Comment 8 bipin 2019-03-14 10:24:54 UTC

While testing the upgrade, i see a exception error while the host goes for a reboot
But i see once the host comes up, its updated to the latest image and all the services running.


Error:
=====
******************************************
2019-03-14 14:14:56,893 p=61390 u=root |  ok: [localhost]
2019-03-14 14:14:56,955 p=61390 u=root |  TASK [ovirt.cluster-upgrade : Upgrade host] ***********************************************************************************************************************************************************************
2019-03-14 14:28:24,163 p=61390 u=root |  An exception occurred during task execution. To see the full traceback, use -vvv. The error was: Exception: Error while waiting on result state of the entity.
2019-03-14 14:28:24,163 p=61390 u=root |  fatal: [localhost]: FAILED! => {"changed": false, "msg": "Error while waiting on result state of the entity."}
2019-03-14 14:28:24,225 p=61390 u=root |  TASK [ovirt.cluster-upgrade : Log event about cluster upgrade failed] *********************************************************************************************************************************************
2019-03-14 14:28:24,654 p=61390 u=root |  changed: [localhost]
2019-03-14 14:28:24,716 p=61390 u=root |  TASK [ovirt.cluster-upgrade : Set original cluster policy] ********************************************************************************************************************************************************
2019-03-14 14:28:25,224 p=61390 u=root |  changed: [localhost]
2019-03-14 14:28:25,287 p=61390 u=root |  TASK [ovirt.cluster-upgrade : Start again stopped VMs] ************************************************************************************************************************************************************
2019-03-14 14:28:25,363 p=61390 u=root |  TASK [ovirt.cluster-upgrade : Start again pin to host VMs] ********************************************************************************************************************************************************
2019-03-14 14:28:25,442 p=61390 u=root |  TASK [ovirt.cluster-upgrade : Logout from oVirt] ******************************************************************************************************************************************************************
2019-03-14 14:28:25,457 p=61390 u=root |  skipping: [localhost]
2019-03-14 14:28:25,458 p=61390 u=root |  PLAY RECAP ********************************************************************************************************************************************************************************************************
2019-03-14 14:28:25,459 p=61390 u=root |  localhost                  : ok=22   changed=5    unreachable=0    failed=1   


Ondra,

Could you please take a look?Attaching the required files

Comment 10 Sahina Bose 2019-04-23 06:19:39 UTC

Gobinda, assigning to you to take a look

Comment 11 Ondra Machacek 2019-04-23 06:24:14 UTC

I am clearing the needinfo here as the issue was reported in bug 1689838

Comment 13 Sandro Bonazzola 2020-03-20 17:02:39 UTC

This bug is targeted to 4.4.3 and in modified state. can we re-target to 4.4.0 and move to QA?

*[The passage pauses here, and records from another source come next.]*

(* Let $G\le\mathrm{Homeo}_+(\mathbb{R})$ be finitely generated. Then every point of $\mathrm{crs}\,G$ lies in $J_1\cup J_2$ for some two-chain $\{J_1,J_2\}$ with $J_1,J_2\in\bigcup_{g\in G}\pi_0\operatorname{supp} g$. In particular, if $U\subseteq\mathbb{R}$ is a $G$-invariant set such that the restricted action $G|_U$ is Conradian, then $U\cap \mathrm{crs}\,G=\varnothing$.
   Context: For $g\in\mathrm{Homeo}_+(\mathbb{R})$, $\operatorname{supp} g=\mathbb{R}\setminus\mathrm{Fix}(g)$, $\operatorname{supp}G=\bigcup_{g\in G}\operatorname{supp} g$, and $\pi_0 X$ denotes the set of connected components of $X$. The crossed support $\mathrm{crs}\,G$ is the union of those components $J\in\pi_0\operatorname{supp} G$ which are not a connected component of $\operatorname{supp} g$ for any $g\in G$. A pair of open intervals $\{J_1,J_2\}$ is a two-chain if $J_1\cap J_2$ is a proper nonempty subinterval of both. For a group acting by order-preserving bijections on an ordered set $\Omega$, $f,g$ are crossed if there exist $u<w<v$ in $\Omega$ with $g^n(u)<w<f^n(v)$ for all $n\in\mathbb{Z}$ and $g^N(v)<w<f^N(u)$ for some $N\in\mathbb{Z}$; the action is Conradian if no two elements are crossed. *)

theory Defs
  imports "HOL-Analysis.Analysis"
begin

definition homeo_plus :: "(real \<Rightarrow> real) \<Rightarrow> bool" where
  "homeo_plus f \<longleftrightarrow> continuous_on UNIV f \<and> bij f \<and> strict_mono f"

definition homeo_subgroup :: "(real \<Rightarrow> real) set \<Rightarrow> bool" where
  "homeo_subgroup G \<longleftrightarrow> (\<forall>g\<in>G. homeo_plus g) \<and> id \<in> G \<and>
     (\<forall>f\<in>G. \<forall>g\<in>G. f \<circ> g \<in> G) \<and> (\<forall>g\<in>G. inv g \<in> G)"

inductive_set gen_group :: "(real \<Rightarrow> real) set \<Rightarrow> (real \<Rightarrow> real) set"
  for S :: "(real \<Rightarrow> real) set" where
  gen_id: "id \<in> gen_group S"
| gen_gen: "s \<in> S \<Longrightarrow> s \<in> gen_group S"
| gen_inv: "s \<in> S \<Longrightarrow> inv s \<in> gen_group S"
| gen_comp: "f \<in> gen_group S \<Longrightarrow> g \<in> gen_group S \<Longrightarrow> f \<circ> g \<in> gen_group S"

definition fin_gen :: "(real \<Rightarrow> real) set \<Rightarrow> bool" where
  "fin_gen G \<longleftrightarrow> (\<exists>S. finite S \<and> S \<subseteq> G \<and> G = gen_group S)"

definition supp :: "(real \<Rightarrow> real) \<Rightarrow> real set" where
  "supp g = {x. g x \<noteq> x}"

Comment 14 Ritesh Chikatwar 2020-03-23 07:49:23 UTC

yes can be targeted...

HC pre-requisites includes:
1. Engine fqdn should not contain in host password.
2. stopping geo-rep session if anything is in progress.
3. check for brick quorum is met for the volume.

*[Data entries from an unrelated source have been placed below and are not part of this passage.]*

lemma bounded_clinear_right_inverse:
  fixes B :: "'a::{complex_inner,complete_space} \<Rightarrow> 'a"
  assumes B: "bounded_clinear_op B" and closed: "closed (range B)"
  obtains R where "bounded_clinear_op R" "\<And>z. z \<in> range B \<Longrightarrow> B (R z) = z"
proof -
  obtain C where C: "0 \<le> C" and preimage: "\<And>y. y \<in> range B \<Longrightarrow> \<exists>x. B x = y \<and> norm x \<le> C * norm y"
    using closed_range_bounded_preimages[OF bounded_clinear_op_imp_bounded_linear[OF B] closed] by blast
  define K where "K = {x. B x = 0}"
  have K: "closed_csubspace K" unfolding K_def by (rule closed_csubspace_kernel[OF B])
  have ran: "closed_csubspace (range B)" by (rule closed_csubspace_range[OF B closed])
  text \<open>\<open>L\<close> picks the preimage orthogonal to the kernel, which depends on \<open>B x\<close> only.\<close>
  define L where "L x = x - orth_proj K x" for x
  have L: "bounded_clinear_op L"
    unfolding L_def by (intro bounded_clinear_op_sub bounded_clinear_op_ident orth_proj_bounded_clinear[OF K])
  have BL: "B (L x) = B x" for x
    using orth_proj_in[OF K, of x] by (simp add: L_def K_def clinear_op_diff[OF B])
  have L_eq: "L x = L x'" if "B x = B x'" for x x'
  proof -
    have "x - x' \<in> K" using that by (simp add: K_def clinear_op_diff[OF B])
    then have "L (x - x') = 0" by (simp add: L_def orth_proj_fixed[OF K])
    then show ?thesis by (simp add: clinear_op_diff[OF L])
  qed
  define P where "P = orth_proj (range B)"
  have P: "bounded_clinear_op P" unfolding P_def by (rule orth_proj_bounded_clinear[OF ran])
  define pre where "pre z = (SOME x. B x = P z)" for z
  have B_pre: "B (pre z) = P z" for z
    using orth_proj_in[OF ran, of z] unfolding pre_def P_def by (metis (mono_tags) rangeE someI_ex)
  define R where "R z = L (pre z)" for z
  have "bounded_clinear_op R"
    unfolding bounded_clinear_op_def
  proof (intro conjI allI exI)
    show "R (z1 + z2) = R z1 + R z2" for z1 z2
      using L_eq[of "pre (z1 + z2)" "pre z1 + pre z2"]
      by (simp add: R_def B_pre clinear_op_add[OF B] clinear_op_add[OF P] clinear_op_add[OF L])
    show "R (a *\<^sub>C z) = a *\<^sub>C R z" for a z
      using L_eq[of "pre (a *\<^sub>C z)" "a *\<^sub>C pre z"]
      by (simp add: R_def B_pre clinear_op_scaleC[OF B] clinear_op_scaleC[OF P] clinear_op_scaleC[OF L])
    show "norm (R z) \<le> norm z * C" for z
    proof -
      obtain x where x: "B x = P z" "norm x \<le> C * norm (P z)"
        using preimage[OF orth_proj_in[OF ran]] by (auto simp: P_def)
      have "norm (R z) = norm (x - orth_proj K x)"
        using L_eq[of "pre z" x] x(1) by (simp add: R_def B_pre L_def)
      also have "\<dots> \<le> norm x" by (rule norm_diff_orth_proj_le[OF K])
      also have "\<dots> \<le> C * norm (P z)" by (rule x(2))
      also have "\<dots> \<le> C * norm z"
        using C norm_orth_proj_le[OF ran] by (simp add: P_def mult_left_mono)
      finally show ?thesis by (simp add: mult.commute)
    qed
  qed
  moreover have "B (R z) = z" if "z \<in> range B" for z
    using BL B_pre orth_proj_fixed[OF ran that] by (simp add: R_def P_def)
  ultimately show ?thesis using that by blast
qed

section \<open>Weighted least squares solutions\<close>

lemma seminormA_le_iff:
  "positive_op A \<Longrightarrow> seminormA A u \<le> seminormA A v \<longleftrightarrow> Re (cinner (A u) u) \<le> Re (cinner (A v) v)"
  by (simp add: seminormA_def positive_op_nonneg)

lemma is_A_LSS_iff_orthogonal:
  assumes A: "positive_op A" and B: "bounded_clinear_op B"
  shows "is_A_LSS A B y x0 \<longleftrightarrow> (\<forall>w. cinner (A (y - B x0)) (B w) = 0)"
proof
  assume LSS: "is_A_LSS A B y x0"
  show "\<forall>w. cinner (A (y - B x0)) (B w) = 0"
  proof (intro allI positive_op_minimizer_orthogonal[OF A])
    fix w c
    have "y - B (x0 - c *\<^sub>C w) = y - B x0 + c *\<^sub>C B w"
      by (simp add: clinear_op_diff[OF B] clinear_op_scaleC[OF B])
    moreover have "Re (cinner (A (y - B x0)) (y - B x0))
        \<le> Re (cinner (A (y - B (x0 - c *\<^sub>C w))) (y - B (x0 - c *\<^sub>C w)))"
      using LSS by (simp add: is_A_LSS_def seminormA_le_iff[OF A])
    ultimately show "Re (cinner (A (y - B x0)) (y - B x0))
        \<le> Re (cinner (A (y - B x0 + c *\<^sub>C B w)) (y - B x0 + c *\<^sub>C B w))"
      by (simp only:)
  qed
next
  assume orth: "\<forall>w. cinner (A (y - B x0)) (B w) = 0"
  show "is_A_LSS A B y x0"
    unfolding is_A_LSS_def seminormA_le_iff[OF A]
  proof
    fix x
    have eq: "y - B x = (y - B x0) + B (x0 - x)" by (simp add: clinear_op_diff[OF B])
    show "Re (cinner (A (y - B x0)) (y - B x0)) \<le> Re (cinner (A (y - B x)) (y - B x))"
      unfolding eq positive_op_quadratic_add[OF A]
      using orth positive_op_nonneg[OF A, of "B (x0 - x)"] by simp
  qed
qed

lemma is_A_LSS_add_kernel:
  assumes A: "positive_op A" and B: "bounded_clinear_op B"
    and LSS: "is_A_LSS A B y x0" and n: "A (B n) = 0"
  shows "is_A_LSS A B y (x0 + n)"
proof -
  have "A (y - B (x0 + n)) = A (y - B x0)"
    using n by (simp add: clinear_op_add[OF B] clinear_op_diff[OF positive_op_bounded_clinear[OF A]]
        diff_add_eq_diff_diff_swap)
  then show ?thesis using LSS by (simp add: is_A_LSS_iff_orthogonal[OF A B])
qed

lemma compatible_if_A_selfadjoint_idempotent:
  fixes A E :: "'a::{complex_inner,complete_space} \<Rightarrow> 'a"
  assumes A: "positive_op A" and S: "closed_csubspace S" and E: "bounded_clinear_op E"
    and idem: "E \<circ> E = E" and range: "range E = S"
    and sym: "\<And>x y. cinner (A (E x)) y = cinner (A x) (E y)"
  shows "compatible A S"
proof -
  obtain Es where Es: "is_adjoint E Es" using adjoint_exists[OF E] .
  have "A (E y) = Es (A y)" for y
  proof -
    have "cinner x (Es (A y) - A (E y)) = 0" for x
    proof -
      have "cinner x (Es (A y)) = cinner (A (E x)) y"
        using Es positive_op_selfadjoint[OF A, of "E x" y] by (simp add: is_adjoint_def)
      also have "\<dots> = cinner x (A (E y))"
        unfolding sym by (rule positive_op_selfadjoint[OF A])
      finally show ?thesis by (simp add: cinner_diff_right)
    qed
    then show ?thesis by (metis cinner_self_eq_0 eq_iff_diff_eq_0)
  qed
  then have "A \<circ> E = Es \<circ> A" by (simp add: fun_eq_iff)
  then show ?thesis unfolding compatible_def using A S E idem range Es by blast
qed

Comment 16 Gobinda Das 2020-04-20 06:07:15 UTC

Clearing needinfo as it's already targeted to 4.4.0

Comment 19 Sandro Bonazzola 2020-06-04 12:06:29 UTC

Moving to 4.4.1 since 4.4.0 has been already released

Comment 21 SATHEESARAN 2020-07-16 09:15:26 UTC

Tested with ovirt-ansible-cluster-upgrade-1.2.3 and RHV Manager 4.4.1.

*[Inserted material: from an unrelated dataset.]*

(* Let $(X,d)$ be a finite tree-like pseudometric space, and let $(\mathcal S,\alpha)$ be the unique positively weighted system of compatible splits of $X$ with $d=d_\alpha$. Then $$\operatorname{LIP}(X,d)=\sum_{\sigma\in\mathcal S}\alpha_\sigma S_\sigma$$ (Minkowski sum); in particular $\operatorname{LIP}(X,d)$ is a zonotope.
   Context: Let $X$ be a finite set, $n:=|X|$, $\{\mathbbm 1_k\}$ the standard basis of $\mathbb R^X$, $\mathbbm 1_A:=\sum_{x\in A}\mathbbm 1_x$. A split of $X$ is an unordered pair of nonempty disjoint subsets $A,B$ with $A\cup B=X$, written $A|B$. Splits $A|B$ and $C|D$ are compatible if at least one of $A\cap C,A\cap D,B\cap C,B\cap D$ is empty; a system of splits is compatible if its elements are pairwise compatible. For $\sigma=A|B$, $\delta_\sigma(i,j)=0$ if $i,j$ are in the same side, $1$ otherwise; for $\alpha\in\mathbb R_{\ge0}^{\mathcal S}$, $d_\alpha:=\sum_{\sigma\in\mathcal S}\alpha_\sigma\delta_\sigma$; the weighting is positive if all $\alpha_\sigma>0$. $S_\sigma:=\operatorname{conv}\{\tfrac{|B|}{n}\mathbbm 1_A-\tfrac{|A|}{n}\mathbbm 1_B,\ \tfrac{|A|}{n}\mathbbm 1_B-\tfrac{|B|}{n}\mathbbm 1_A\}$. For a pseudometric $d$, $\operatorname{LIP}(X,d):=\{x\in\mathbb R^X\mid\sum_i x_i=0,\ x_i-x_j\le d(i,j)\ \forall i,j\}$. An $X$-tree is a pair $(T,\phi)$ with $T$ a finite tree and $\phi:X\to V(T)$ a map whose image contains every vertex of degree at most $2$. A pseudometric $d$ on $X$ is tree-like if there are an $X$-tree $(T,\phi)$ and edge weights $w:E(T)\to\mathbb R_{>0}$ such that $d(x,y)$ equals the total weight of the unique path in $T$ from $\phi(x)$ to $\phi(y)$. It is known (and may be used) that a pseudometric is tree-like if and only if it equals $d_\alpha$ for a positively weighted compatible split system $(\mathcal S,\alpha)$, and that this system is unique; its splits correspond bijectively to edges of $T$ (the split of an edge $e$ separates the preimages under $\phi$ of the two components of $T-e$). *)

theory Defs
  imports "HOL-Analysis.Analysis"
begin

The feature works good. It updates the cluster and proceeds to upgrade all the hosts in the cluster.
As there are no real upgrade image is available, all the testing is done with interim build RHVH images

All the prerequisites are handled well

Comment 22 Sandro Bonazzola 2020-08-05 06:25:28 UTC

This bugzilla is included in oVirt 4.4.1 release, published on July 8th 2020.

Since the problem described in this bug report should be resolved in oVirt 4.4.1 release, it has been closed with a resolution of CURRENT RELEASE.

If the solution does not work for you, please open a new bug report.